→ What this task involves
Return the following from the records below: each line, word for word, starting with the line that contains "(\<forall>\<phi>. test_function \<phi>" and going on through the line that contains "Weak derivatives agree", with nothing outside that range.

============

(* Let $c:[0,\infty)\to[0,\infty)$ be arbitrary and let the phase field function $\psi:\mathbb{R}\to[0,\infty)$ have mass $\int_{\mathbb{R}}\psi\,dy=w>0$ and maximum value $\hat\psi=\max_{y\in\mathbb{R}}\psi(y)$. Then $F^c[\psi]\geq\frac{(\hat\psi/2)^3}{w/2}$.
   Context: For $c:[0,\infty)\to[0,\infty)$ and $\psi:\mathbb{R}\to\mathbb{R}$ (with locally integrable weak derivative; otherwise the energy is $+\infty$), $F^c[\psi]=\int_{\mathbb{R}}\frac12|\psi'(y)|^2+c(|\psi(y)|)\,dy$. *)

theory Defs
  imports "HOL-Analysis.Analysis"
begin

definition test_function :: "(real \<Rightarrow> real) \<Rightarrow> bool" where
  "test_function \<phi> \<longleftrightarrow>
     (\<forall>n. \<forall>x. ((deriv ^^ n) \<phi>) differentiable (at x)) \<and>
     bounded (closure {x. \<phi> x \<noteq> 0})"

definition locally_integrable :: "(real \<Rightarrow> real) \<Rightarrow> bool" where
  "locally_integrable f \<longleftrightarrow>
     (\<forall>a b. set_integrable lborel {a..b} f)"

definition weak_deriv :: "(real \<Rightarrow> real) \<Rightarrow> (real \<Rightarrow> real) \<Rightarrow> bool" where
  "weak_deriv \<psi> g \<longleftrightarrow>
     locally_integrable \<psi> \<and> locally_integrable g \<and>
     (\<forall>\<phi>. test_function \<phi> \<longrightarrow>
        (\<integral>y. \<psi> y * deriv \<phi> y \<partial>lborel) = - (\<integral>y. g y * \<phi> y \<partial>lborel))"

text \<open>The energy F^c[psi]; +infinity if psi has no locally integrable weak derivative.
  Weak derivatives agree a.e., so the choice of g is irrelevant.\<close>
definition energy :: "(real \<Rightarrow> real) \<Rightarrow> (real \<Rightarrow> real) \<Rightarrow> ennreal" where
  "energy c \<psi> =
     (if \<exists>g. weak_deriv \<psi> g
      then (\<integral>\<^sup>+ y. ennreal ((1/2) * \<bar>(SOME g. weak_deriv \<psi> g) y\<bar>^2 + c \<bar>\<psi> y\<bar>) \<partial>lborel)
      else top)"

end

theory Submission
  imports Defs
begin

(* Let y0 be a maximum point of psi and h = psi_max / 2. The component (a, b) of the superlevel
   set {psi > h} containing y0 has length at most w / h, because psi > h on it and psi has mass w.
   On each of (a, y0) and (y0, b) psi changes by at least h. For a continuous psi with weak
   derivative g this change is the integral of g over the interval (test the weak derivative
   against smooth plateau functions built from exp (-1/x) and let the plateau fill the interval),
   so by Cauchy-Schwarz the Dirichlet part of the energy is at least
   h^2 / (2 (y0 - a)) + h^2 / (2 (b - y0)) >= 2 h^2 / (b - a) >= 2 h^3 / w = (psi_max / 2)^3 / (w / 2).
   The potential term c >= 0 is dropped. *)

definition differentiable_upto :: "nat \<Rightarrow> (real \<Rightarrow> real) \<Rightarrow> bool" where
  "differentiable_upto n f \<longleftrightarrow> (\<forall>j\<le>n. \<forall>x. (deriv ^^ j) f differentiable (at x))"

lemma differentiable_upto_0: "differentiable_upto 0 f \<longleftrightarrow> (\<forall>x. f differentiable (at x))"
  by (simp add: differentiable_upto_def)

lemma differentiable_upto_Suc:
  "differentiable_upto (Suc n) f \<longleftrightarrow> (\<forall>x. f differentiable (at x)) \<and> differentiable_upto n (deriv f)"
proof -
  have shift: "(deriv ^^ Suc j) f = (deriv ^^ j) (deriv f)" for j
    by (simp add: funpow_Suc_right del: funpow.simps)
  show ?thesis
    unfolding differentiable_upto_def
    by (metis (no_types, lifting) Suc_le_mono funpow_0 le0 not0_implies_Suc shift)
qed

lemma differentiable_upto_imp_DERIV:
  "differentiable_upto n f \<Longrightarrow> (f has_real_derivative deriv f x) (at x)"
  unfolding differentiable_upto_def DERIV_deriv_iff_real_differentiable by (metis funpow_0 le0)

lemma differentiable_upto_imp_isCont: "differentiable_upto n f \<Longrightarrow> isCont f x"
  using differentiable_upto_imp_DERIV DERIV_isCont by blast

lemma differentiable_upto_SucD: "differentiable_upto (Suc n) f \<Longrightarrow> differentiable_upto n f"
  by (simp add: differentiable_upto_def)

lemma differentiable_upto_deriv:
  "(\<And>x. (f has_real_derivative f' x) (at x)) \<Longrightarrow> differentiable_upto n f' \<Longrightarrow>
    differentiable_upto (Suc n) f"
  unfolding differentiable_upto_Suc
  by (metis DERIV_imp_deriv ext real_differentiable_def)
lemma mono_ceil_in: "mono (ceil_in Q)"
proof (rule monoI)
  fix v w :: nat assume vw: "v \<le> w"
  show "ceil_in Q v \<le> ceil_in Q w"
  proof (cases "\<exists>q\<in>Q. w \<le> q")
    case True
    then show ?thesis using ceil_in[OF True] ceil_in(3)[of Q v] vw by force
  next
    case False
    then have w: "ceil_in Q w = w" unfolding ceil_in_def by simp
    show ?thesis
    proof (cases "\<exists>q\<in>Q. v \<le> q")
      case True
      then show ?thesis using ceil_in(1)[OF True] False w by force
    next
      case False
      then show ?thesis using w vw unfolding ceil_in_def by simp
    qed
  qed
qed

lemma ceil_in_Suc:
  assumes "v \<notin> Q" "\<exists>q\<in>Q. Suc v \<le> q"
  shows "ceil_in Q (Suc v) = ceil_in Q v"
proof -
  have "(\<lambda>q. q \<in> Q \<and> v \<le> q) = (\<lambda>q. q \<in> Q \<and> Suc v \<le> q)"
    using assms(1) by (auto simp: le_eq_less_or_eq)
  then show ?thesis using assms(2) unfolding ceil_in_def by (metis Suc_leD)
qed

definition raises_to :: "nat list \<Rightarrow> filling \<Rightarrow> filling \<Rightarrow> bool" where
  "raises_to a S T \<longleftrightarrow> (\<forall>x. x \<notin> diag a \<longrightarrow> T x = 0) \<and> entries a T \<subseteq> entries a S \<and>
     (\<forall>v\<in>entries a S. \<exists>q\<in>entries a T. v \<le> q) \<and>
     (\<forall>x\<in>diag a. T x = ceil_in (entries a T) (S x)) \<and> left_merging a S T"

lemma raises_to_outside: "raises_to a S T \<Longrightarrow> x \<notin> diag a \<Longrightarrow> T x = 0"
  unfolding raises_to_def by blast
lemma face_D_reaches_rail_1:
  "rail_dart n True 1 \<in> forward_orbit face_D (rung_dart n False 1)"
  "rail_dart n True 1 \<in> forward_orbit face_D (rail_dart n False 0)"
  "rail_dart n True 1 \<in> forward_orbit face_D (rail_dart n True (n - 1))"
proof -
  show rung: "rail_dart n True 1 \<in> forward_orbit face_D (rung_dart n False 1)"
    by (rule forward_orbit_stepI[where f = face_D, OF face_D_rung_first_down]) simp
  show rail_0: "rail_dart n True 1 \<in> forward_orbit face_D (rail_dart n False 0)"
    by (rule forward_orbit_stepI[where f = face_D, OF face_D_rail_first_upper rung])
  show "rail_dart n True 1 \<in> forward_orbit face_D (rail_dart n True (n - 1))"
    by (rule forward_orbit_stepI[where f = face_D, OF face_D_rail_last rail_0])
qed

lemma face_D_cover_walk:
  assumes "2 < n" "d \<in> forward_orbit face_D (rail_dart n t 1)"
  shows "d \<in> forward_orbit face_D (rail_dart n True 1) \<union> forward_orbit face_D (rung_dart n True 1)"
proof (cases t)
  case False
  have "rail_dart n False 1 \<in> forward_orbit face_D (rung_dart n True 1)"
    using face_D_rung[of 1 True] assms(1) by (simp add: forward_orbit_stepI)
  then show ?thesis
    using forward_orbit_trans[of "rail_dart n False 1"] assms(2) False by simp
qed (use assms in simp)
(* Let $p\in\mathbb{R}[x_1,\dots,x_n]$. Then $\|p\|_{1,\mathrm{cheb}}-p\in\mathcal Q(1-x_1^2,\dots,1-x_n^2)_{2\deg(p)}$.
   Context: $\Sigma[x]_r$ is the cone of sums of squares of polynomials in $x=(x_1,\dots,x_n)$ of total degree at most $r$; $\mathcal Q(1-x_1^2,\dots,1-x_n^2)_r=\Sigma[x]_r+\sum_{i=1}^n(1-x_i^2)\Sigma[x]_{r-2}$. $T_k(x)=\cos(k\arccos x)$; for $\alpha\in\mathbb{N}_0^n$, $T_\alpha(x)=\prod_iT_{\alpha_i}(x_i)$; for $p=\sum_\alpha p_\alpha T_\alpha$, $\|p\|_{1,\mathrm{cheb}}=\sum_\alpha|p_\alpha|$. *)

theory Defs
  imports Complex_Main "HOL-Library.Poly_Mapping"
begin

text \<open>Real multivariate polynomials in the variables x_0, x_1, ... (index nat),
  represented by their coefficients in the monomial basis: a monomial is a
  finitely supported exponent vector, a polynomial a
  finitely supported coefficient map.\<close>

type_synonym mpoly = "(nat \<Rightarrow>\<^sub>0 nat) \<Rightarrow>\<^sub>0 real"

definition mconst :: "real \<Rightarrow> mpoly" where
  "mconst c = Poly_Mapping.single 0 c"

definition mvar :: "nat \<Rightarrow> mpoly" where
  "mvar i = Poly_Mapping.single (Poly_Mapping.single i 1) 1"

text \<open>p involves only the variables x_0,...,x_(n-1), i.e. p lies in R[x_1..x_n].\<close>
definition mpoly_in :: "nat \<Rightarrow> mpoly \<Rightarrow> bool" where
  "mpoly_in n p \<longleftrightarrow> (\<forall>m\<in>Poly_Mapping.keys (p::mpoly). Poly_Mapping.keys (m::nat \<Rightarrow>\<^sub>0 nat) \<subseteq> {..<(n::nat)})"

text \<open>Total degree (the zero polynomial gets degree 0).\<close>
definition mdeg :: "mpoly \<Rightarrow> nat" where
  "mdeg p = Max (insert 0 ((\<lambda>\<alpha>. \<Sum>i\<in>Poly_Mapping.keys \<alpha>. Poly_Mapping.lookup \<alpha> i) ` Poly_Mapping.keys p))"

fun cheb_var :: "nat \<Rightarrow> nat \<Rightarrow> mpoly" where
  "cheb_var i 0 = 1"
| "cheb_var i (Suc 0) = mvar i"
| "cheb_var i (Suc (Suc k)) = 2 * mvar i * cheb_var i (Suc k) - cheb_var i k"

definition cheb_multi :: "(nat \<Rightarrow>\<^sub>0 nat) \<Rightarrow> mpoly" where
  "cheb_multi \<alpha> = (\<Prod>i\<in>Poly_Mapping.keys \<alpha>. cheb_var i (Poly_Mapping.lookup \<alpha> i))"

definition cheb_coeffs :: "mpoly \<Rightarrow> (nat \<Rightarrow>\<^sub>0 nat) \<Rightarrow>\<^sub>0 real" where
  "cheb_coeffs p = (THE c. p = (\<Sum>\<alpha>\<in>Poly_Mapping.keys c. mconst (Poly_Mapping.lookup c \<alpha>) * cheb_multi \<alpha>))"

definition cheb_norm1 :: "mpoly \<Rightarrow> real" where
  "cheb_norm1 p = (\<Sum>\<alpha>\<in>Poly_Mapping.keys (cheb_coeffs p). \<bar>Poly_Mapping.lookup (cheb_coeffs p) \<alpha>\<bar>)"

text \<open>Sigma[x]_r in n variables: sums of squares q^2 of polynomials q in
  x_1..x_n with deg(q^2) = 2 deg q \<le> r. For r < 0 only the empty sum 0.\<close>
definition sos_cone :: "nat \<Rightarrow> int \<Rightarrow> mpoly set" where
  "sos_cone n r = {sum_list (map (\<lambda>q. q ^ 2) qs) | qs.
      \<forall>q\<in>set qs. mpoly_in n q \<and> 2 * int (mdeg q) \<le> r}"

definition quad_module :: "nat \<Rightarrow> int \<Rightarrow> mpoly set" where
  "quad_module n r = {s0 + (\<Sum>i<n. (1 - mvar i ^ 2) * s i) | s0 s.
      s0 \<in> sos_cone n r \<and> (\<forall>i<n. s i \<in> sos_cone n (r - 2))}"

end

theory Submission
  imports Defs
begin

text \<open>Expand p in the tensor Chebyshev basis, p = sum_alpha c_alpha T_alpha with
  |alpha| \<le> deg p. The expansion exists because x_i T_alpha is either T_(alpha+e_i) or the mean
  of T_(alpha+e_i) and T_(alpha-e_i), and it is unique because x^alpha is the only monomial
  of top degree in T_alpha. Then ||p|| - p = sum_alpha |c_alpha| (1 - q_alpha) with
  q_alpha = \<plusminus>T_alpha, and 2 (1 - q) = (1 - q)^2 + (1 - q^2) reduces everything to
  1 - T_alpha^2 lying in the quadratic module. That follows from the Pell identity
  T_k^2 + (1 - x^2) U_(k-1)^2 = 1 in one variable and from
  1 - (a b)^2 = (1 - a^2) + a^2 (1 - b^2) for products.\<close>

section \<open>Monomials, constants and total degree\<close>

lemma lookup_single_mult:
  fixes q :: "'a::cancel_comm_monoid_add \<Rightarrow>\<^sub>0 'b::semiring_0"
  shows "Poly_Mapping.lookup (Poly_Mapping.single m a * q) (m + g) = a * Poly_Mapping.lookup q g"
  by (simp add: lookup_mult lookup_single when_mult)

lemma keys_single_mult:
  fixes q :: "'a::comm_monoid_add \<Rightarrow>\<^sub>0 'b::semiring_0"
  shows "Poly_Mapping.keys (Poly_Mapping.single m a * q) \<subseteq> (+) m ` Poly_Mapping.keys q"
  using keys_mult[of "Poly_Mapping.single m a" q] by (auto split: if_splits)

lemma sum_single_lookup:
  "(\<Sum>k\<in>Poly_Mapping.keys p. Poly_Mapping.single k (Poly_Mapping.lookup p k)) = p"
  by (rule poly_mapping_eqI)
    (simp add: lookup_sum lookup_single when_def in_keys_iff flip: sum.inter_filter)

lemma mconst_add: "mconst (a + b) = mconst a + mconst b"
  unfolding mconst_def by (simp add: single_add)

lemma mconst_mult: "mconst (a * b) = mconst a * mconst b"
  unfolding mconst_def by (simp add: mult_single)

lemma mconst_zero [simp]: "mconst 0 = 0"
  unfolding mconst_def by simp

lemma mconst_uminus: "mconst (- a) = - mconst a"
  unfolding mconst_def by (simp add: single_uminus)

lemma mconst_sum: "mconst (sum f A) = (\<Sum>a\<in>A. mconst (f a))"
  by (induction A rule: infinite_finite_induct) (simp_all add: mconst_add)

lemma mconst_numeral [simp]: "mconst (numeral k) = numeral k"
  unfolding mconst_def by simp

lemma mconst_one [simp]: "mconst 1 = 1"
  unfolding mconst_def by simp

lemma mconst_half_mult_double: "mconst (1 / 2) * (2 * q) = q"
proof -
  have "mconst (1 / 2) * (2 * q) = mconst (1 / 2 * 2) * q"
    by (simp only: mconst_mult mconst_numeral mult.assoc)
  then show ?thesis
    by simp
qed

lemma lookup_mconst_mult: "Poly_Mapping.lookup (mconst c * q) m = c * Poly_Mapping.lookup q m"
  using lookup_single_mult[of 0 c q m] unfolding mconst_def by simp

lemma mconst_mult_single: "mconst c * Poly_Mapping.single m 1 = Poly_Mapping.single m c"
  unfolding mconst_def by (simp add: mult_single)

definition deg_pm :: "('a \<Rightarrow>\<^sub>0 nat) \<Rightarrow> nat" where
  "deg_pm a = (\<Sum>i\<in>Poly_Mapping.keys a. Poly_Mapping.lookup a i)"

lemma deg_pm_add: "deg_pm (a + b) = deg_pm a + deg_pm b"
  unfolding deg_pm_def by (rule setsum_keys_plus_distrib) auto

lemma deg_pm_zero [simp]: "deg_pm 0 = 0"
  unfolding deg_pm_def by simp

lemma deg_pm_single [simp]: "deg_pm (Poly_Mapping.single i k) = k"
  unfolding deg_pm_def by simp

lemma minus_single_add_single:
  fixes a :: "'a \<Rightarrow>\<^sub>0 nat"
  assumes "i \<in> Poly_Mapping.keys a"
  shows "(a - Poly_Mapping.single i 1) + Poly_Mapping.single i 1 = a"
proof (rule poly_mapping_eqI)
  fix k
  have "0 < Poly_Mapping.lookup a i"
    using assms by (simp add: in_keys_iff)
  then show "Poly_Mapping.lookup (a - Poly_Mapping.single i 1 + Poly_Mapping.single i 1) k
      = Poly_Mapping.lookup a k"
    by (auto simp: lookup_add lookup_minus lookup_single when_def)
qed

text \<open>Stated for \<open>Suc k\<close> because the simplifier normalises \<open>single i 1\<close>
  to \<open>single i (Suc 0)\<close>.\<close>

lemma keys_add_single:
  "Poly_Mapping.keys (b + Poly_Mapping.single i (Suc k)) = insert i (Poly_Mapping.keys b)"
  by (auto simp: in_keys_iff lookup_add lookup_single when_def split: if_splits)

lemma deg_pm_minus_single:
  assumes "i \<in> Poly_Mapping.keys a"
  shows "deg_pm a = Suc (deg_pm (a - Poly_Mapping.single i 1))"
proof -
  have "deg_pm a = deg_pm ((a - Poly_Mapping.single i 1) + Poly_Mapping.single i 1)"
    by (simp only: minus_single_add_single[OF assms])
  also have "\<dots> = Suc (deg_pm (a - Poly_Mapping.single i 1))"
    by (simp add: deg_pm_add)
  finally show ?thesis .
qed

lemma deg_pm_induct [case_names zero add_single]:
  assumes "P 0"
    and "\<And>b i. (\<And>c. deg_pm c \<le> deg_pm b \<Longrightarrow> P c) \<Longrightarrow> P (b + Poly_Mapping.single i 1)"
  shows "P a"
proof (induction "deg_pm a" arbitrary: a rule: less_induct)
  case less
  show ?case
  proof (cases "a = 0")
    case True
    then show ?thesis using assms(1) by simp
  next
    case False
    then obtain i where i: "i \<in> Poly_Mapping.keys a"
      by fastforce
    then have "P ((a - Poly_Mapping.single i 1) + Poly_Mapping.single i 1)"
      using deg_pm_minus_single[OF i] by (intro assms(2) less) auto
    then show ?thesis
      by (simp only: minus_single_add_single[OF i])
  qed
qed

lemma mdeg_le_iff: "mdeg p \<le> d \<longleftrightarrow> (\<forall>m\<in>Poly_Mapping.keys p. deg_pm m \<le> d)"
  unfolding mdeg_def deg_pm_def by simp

============

→ Response box
     (\<forall>\<phi>. test_function \<phi> \<longrightarrow>
        (\<integral>y. \<psi> y * deriv \<phi> y \<partial>lborel) = - (\<integral>y. g y * \<phi> y \<partial>lborel))"

text \<open>The energy F^c[psi]; +infinity if psi has no locally integrable weak derivative.
  Weak derivatives agree a.e., so the choice of g is irrelevant.\<close>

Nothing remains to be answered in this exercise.